(Records from a data source)
(* Let $\alpha=(\alpha_k)_{k\in\mathbb{N}}\in\ell^2$ and let $I=[a,b]$ be an interval in $\mathbb{N}$ ($a\le b$). Then $$\tfrac12 J(I)\le K(I)=\tfrac{1}{\sqrt2}L(I)\le 2J(I).$$
   Context: $\mathbb{N}=\{0,1,2,\dots\}$; intervals are sets $[a,b]\cap\mathbb{N}$. Notation: $\|f\|_{2,I}=(\sum_{k\in I}|f(k)|^2)^{1/2}$, $\mu(I)=\sum_{k\in I}|\alpha_k|^2$, $S_f(k)=\sum_{j=0}^k f(j)$, and for $\mu(I)>0$, $(S_f)_I=\mu(I)^{-1}\sum_{k\in I}S_f(k)|\alpha_k|^2$. $L(I)$: with $l(I,f)=\sum_{k\in I}\sum_{n\in I\setminus\{k\}}|\alpha_k\alpha_n\sum_{j=\min(k,n)+1}^{\max(k,n)}f(j)|^2$, set $L(I)=(\sup_{\|f\|_{2,I}\le1}l(I,f)/\mu(I))^{1/2}$ (sup over $f\in\ell^2$ supported in $I$), and $L(I)=0$ if $\alpha$ vanishes on $I$. $K(I)=\sup_{\|f\|_{2,I}\le1}\big(\sum_{k\in I}|S_f(k)-(S_f)_I|^2|\alpha_k|^2\big)^{1/2}$ (sup over $f\in\ell^2$ supported in $I$; this is $0$ if $\alpha$ vanishes on $I$). $J(I)=\inf_{c\in I}\max(A_c,B_c)$ where $A_c=\sup_{a\le s\le c}(c-s)^{1/2}(\sum_{k=a}^s|\alpha_k|^2)^{1/2}$ and $B_c=\sup_{c\le s\le b}(s-c)^{1/2}(\sum_{k=s}^b|\alpha_k|^2)^{1/2}$. *)

theory Defs
  imports "HOL-Analysis.Analysis"
begin

definition l2norm_on :: "(nat \<Rightarrow> complex) \<Rightarrow> nat set \<Rightarrow> real" where
  "l2norm_on f I = sqrt (\<Sum>k\<in>I. (cmod (f k))\<^sup>2)"

definition mu :: "(nat \<Rightarrow> complex) \<Rightarrow> nat set \<Rightarrow> real" where
  "mu \<alpha> I = (\<Sum>k\<in>I. (cmod (\<alpha> k))\<^sup>2)"

definition Sf :: "(nat \<Rightarrow> complex) \<Rightarrow> nat \<Rightarrow> complex" where
  "Sf f k = (\<Sum>j=0..k. f j)"

definition Sf_avg :: "(nat \<Rightarrow> complex) \<Rightarrow> (nat \<Rightarrow> complex) \<Rightarrow> nat set \<Rightarrow> complex" where
  "Sf_avg \<alpha> f I = complex_of_real (inverse (mu \<alpha> I)) *
      (\<Sum>k\<in>I. Sf f k * complex_of_real ((cmod (\<alpha> k))\<^sup>2))"

definition test_fns :: "nat set \<Rightarrow> (nat \<Rightarrow> complex) set" where
  "test_fns I = {f. (\<forall>k. k \<notin> I \<longrightarrow> f k = 0) \<and> l2norm_on f I \<le> 1}"

definition lfun :: "(nat \<Rightarrow> complex) \<Rightarrow> nat set \<Rightarrow> (nat \<Rightarrow> complex) \<Rightarrow> real" where
  "lfun \<alpha> I f = (\<Sum>k\<in>I. \<Sum>n\<in>I - {k}.
      (cmod (\<alpha> k * \<alpha> n * (\<Sum>j\<in>{min k n + 1..max k n}. f j)))\<^sup>2)"

definition Lc :: "(nat \<Rightarrow> complex) \<Rightarrow> nat set \<Rightarrow> real" where
  "Lc \<alpha> I = (if (\<forall>k\<in>I. \<alpha> k = 0) then 0
     else sqrt (Sup ((\<lambda>f. lfun \<alpha> I f / mu \<alpha> I) ` test_fns I)))"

• _WORK REQUEST_: Each record above is to be printed again exactly as written.

• _EXERCISE RESPONSE_:
(* Let $\alpha=(\alpha_k)_{k\in\mathbb{N}}\in\ell^2$ and let $I=[a,b]$ be an interval in $\mathbb{N}$ ($a\le b$). Then $$\tfrac12 J(I)\le K(I)=\tfrac{1}{\sqrt2}L(I)\le 2J(I).$$
   Context: $\mathbb{N}=\{0,1,2,\dots\}$; intervals are sets $[a,b]\cap\mathbb{N}$. Notation: $\|f\|_{2,I}=(\sum_{k\in I}|f(k)|^2)^{1/2}$, $\mu(I)=\sum_{k\in I}|\alpha_k|^2$, $S_f(k)=\sum_{j=0}^k f(j)$, and for $\mu(I)>0$, $(S_f)_I=\mu(I)^{-1}\sum_{k\in I}S_f(k)|\alpha_k|^2$. $L(I)$: with $l(I,f)=\sum_{k\in I}\sum_{n\in I\setminus\{k\}}|\alpha_k\alpha_n\sum_{j=\min(k,n)+1}^{\max(k,n)}f(j)|^2$, set $L(I)=(\sup_{\|f\|_{2,I}\le1}l(I,f)/\mu(I))^{1/2}$ (sup over $f\in\ell^2$ supported in $I$), and $L(I)=0$ if $\alpha$ vanishes on $I$. $K(I)=\sup_{\|f\|_{2,I}\le1}\big(\sum_{k\in I}|S_f(k)-(S_f)_I|^2|\alpha_k|^2\big)^{1/2}$ (sup over $f\in\ell^2$ supported in $I$; this is $0$ if $\alpha$ vanishes on $I$). $J(I)=\inf_{c\in I}\max(A_c,B_c)$ where $A_c=\sup_{a\le s\le c}(c-s)^{1/2}(\sum_{k=a}^s|\alpha_k|^2)^{1/2}$ and $B_c=\sup_{c\le s\le b}(s-c)^{1/2}(\sum_{k=s}^b|\alpha_k|^2)^{1/2}$. *)

theory Defs
  imports "HOL-Analysis.Analysis"
begin

definition l2norm_on :: "(nat \<Rightarrow> complex) \<Rightarrow> nat set \<Rightarrow> real" where
  "l2norm_on f I = sqrt (\<Sum>k\<in>I. (cmod (f k))\<^sup>2)"

definition mu :: "(nat \<Rightarrow> complex) \<Rightarrow> nat set \<Rightarrow> real" where
  "mu \<alpha> I = (\<Sum>k\<in>I. (cmod (\<alpha> k))\<^sup>2)"

definition Sf :: "(nat \<Rightarrow> complex) \<Rightarrow> nat \<Rightarrow> complex" where
  "Sf f k = (\<Sum>j=0..k. f j)"

definition Sf_avg :: "(nat \<Rightarrow> complex) \<Rightarrow> (nat \<Rightarrow> complex) \<Rightarrow> nat set \<Rightarrow> complex" where
  "Sf_avg \<alpha> f I = complex_of_real (inverse (mu \<alpha> I)) *
      (\<Sum>k\<in>I. Sf f k * complex_of_real ((cmod (\<alpha> k))\<^sup>2))"

definition test_fns :: "nat set \<Rightarrow> (nat \<Rightarrow> complex) set" where
  "test_fns I = {f. (\<forall>k. k \<notin> I \<longrightarrow> f k = 0) \<and> l2norm_on f I \<le> 1}"

definition lfun :: "(nat \<Rightarrow> complex) \<Rightarrow> nat set \<Rightarrow> (nat \<Rightarrow> complex) \<Rightarrow> real" where
  "lfun \<alpha> I f = (\<Sum>k\<in>I. \<Sum>n\<in>I - {k}.
      (cmod (\<alpha> k * \<alpha> n * (\<Sum>j\<in>{min k n + 1..max k n}. f j)))\<^sup>2)"

definition Lc :: "(nat \<Rightarrow> complex) \<Rightarrow> nat set \<Rightarrow> real" where
  "Lc \<alpha> I = (if (\<forall>k\<in>I. \<alpha> k = 0) then 0
     else sqrt (Sup ((\<lambda>f. lfun \<alpha> I f / mu \<alpha> I) ` test_fns I)))"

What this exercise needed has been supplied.